▸ **Problem requirements**: For the data below, please report each line where the word "blast" is found.

==== Input

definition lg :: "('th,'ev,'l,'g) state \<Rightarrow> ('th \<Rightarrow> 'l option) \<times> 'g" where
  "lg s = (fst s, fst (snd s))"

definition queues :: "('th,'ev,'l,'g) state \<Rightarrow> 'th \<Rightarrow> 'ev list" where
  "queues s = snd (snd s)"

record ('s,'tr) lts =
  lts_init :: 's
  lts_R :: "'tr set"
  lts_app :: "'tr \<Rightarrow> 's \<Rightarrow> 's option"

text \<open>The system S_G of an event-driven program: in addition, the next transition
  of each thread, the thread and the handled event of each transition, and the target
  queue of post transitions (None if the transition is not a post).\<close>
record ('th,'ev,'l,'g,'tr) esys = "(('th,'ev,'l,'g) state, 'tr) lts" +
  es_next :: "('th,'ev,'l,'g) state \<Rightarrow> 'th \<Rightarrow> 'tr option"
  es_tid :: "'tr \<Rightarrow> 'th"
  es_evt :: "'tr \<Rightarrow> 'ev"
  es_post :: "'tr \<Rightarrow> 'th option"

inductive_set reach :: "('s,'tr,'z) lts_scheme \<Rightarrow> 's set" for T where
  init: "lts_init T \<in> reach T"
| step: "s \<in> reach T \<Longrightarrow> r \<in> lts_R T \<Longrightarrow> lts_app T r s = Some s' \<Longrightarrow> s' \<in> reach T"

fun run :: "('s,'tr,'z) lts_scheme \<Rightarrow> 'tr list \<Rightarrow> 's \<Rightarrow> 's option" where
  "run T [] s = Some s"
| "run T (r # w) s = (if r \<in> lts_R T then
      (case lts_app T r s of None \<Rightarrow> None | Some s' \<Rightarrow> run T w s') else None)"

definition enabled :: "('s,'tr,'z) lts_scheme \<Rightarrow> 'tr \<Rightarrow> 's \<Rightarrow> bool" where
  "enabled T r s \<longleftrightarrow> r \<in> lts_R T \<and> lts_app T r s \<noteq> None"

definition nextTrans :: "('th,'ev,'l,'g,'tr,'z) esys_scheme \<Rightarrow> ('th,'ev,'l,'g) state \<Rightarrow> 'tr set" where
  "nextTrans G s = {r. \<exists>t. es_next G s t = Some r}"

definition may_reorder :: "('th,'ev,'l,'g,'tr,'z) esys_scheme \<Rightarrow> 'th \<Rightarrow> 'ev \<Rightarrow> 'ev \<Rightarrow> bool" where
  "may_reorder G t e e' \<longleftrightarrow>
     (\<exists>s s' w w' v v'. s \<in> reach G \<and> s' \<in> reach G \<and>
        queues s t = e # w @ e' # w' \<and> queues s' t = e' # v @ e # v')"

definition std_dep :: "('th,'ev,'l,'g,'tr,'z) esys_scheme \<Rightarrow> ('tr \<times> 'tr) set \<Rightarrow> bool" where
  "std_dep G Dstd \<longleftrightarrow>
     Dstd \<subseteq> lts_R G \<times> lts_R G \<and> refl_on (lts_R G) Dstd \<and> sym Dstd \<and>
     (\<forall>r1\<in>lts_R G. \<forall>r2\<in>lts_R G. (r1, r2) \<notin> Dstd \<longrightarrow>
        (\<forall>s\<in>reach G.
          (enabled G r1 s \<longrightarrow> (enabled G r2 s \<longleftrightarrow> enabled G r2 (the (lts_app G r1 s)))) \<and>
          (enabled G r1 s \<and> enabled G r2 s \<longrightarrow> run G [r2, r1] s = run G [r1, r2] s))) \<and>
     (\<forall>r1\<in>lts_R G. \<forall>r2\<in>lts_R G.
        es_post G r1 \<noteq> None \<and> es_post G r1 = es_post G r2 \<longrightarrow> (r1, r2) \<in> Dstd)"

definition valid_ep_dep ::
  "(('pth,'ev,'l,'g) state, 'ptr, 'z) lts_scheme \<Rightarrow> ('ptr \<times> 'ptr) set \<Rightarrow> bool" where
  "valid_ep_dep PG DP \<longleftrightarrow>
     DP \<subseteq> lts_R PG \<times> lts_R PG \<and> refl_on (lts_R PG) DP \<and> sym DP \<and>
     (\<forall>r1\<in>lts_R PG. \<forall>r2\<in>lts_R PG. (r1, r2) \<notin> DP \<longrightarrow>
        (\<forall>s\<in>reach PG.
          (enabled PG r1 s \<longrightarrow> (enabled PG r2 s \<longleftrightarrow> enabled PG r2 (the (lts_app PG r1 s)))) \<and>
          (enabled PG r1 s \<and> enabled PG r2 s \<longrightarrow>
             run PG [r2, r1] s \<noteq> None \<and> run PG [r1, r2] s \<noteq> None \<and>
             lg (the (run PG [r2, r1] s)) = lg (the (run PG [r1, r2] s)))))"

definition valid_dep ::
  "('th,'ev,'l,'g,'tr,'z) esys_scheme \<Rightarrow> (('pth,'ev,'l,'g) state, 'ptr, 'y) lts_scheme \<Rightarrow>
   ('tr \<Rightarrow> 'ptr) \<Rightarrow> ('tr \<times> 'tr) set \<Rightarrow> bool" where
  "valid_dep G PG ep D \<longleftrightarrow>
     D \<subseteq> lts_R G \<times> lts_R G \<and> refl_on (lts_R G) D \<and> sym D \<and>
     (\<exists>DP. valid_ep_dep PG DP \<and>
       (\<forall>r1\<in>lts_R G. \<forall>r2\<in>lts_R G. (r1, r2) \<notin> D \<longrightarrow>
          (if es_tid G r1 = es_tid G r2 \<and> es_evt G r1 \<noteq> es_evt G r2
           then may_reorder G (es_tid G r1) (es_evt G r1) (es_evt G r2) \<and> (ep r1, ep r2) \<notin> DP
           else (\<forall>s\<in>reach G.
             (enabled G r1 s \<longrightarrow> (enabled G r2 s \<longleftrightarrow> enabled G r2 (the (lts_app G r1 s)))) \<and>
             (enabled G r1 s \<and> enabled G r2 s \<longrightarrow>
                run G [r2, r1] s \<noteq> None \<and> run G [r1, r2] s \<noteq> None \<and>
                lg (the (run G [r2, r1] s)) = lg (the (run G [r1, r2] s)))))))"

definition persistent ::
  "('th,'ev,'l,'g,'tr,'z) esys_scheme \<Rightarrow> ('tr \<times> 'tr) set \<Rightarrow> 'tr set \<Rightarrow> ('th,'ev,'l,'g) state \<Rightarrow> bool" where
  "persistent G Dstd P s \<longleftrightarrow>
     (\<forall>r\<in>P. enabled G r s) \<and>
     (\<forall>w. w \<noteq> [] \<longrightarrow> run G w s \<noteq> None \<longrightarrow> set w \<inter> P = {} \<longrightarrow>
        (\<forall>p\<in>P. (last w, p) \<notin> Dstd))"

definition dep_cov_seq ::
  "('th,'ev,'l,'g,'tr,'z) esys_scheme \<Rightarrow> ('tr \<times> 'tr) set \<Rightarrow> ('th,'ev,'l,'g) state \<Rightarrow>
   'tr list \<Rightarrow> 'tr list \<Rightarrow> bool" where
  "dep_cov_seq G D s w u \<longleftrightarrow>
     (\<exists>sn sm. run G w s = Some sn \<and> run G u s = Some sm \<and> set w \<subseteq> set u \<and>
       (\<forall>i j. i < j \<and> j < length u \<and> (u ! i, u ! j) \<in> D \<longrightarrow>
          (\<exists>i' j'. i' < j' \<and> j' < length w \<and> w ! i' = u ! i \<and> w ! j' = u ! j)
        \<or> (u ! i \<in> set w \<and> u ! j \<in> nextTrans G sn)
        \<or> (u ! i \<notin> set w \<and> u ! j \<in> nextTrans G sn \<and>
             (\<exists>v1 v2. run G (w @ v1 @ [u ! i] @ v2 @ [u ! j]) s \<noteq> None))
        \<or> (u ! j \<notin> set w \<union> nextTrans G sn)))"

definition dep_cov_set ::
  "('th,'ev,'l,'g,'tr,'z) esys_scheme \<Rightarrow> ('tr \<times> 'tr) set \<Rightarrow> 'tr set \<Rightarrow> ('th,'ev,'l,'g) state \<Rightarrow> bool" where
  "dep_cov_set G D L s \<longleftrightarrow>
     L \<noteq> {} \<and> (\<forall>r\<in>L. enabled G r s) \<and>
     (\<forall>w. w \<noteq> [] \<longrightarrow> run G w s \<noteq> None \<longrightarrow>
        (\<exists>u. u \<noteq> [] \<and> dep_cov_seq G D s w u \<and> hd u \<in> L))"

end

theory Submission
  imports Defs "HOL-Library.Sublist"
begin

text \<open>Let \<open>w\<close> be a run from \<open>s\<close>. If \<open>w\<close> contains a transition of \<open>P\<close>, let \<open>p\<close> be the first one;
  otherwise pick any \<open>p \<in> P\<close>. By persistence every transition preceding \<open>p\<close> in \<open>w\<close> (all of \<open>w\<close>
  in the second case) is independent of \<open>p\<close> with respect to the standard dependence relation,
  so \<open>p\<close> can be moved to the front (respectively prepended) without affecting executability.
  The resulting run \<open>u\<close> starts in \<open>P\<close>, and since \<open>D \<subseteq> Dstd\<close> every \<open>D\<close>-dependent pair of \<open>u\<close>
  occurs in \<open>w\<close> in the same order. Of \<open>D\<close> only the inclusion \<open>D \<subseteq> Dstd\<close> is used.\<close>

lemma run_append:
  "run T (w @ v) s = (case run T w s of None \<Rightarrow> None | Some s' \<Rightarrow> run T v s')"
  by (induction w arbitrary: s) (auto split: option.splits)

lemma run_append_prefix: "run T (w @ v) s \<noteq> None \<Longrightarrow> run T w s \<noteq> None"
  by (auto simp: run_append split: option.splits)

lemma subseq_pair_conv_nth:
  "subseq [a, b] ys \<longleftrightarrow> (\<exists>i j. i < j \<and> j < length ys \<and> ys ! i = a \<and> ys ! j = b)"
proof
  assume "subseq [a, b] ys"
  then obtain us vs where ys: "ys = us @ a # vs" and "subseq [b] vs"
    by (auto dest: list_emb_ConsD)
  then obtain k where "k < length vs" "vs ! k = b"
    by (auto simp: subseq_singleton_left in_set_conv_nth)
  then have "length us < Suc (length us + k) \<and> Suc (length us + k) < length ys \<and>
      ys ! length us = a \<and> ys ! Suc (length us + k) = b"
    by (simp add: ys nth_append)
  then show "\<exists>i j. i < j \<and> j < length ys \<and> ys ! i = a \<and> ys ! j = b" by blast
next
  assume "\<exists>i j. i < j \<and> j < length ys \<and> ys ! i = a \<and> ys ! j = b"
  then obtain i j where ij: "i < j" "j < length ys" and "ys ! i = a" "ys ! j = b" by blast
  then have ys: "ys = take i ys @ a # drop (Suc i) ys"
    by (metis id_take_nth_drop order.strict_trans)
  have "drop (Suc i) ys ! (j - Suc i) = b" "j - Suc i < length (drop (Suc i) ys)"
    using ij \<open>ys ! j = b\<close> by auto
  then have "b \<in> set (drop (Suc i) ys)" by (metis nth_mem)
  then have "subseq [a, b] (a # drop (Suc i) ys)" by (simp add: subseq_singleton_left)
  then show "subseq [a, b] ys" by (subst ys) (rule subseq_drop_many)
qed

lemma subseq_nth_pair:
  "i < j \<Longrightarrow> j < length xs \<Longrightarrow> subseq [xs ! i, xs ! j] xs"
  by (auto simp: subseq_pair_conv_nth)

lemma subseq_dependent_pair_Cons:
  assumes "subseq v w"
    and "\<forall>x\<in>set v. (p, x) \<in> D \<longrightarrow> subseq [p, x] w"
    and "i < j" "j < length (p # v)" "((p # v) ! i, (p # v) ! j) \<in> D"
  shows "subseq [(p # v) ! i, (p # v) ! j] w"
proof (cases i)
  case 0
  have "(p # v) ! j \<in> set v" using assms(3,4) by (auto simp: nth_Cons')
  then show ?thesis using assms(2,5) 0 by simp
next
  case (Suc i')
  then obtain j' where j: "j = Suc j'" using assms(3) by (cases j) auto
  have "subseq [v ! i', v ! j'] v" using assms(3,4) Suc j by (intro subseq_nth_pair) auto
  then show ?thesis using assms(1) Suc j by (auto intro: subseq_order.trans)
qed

========

▸ **Result for this exercise**:
  then show "\<exists>i j. i < j \<and> j < length ys \<and> ys ! i = a \<and> ys ! j = b" by blast
  then obtain i j where ij: "i < j" "j < length ys" and "ys ! i = a" "ys ! j = b" by blast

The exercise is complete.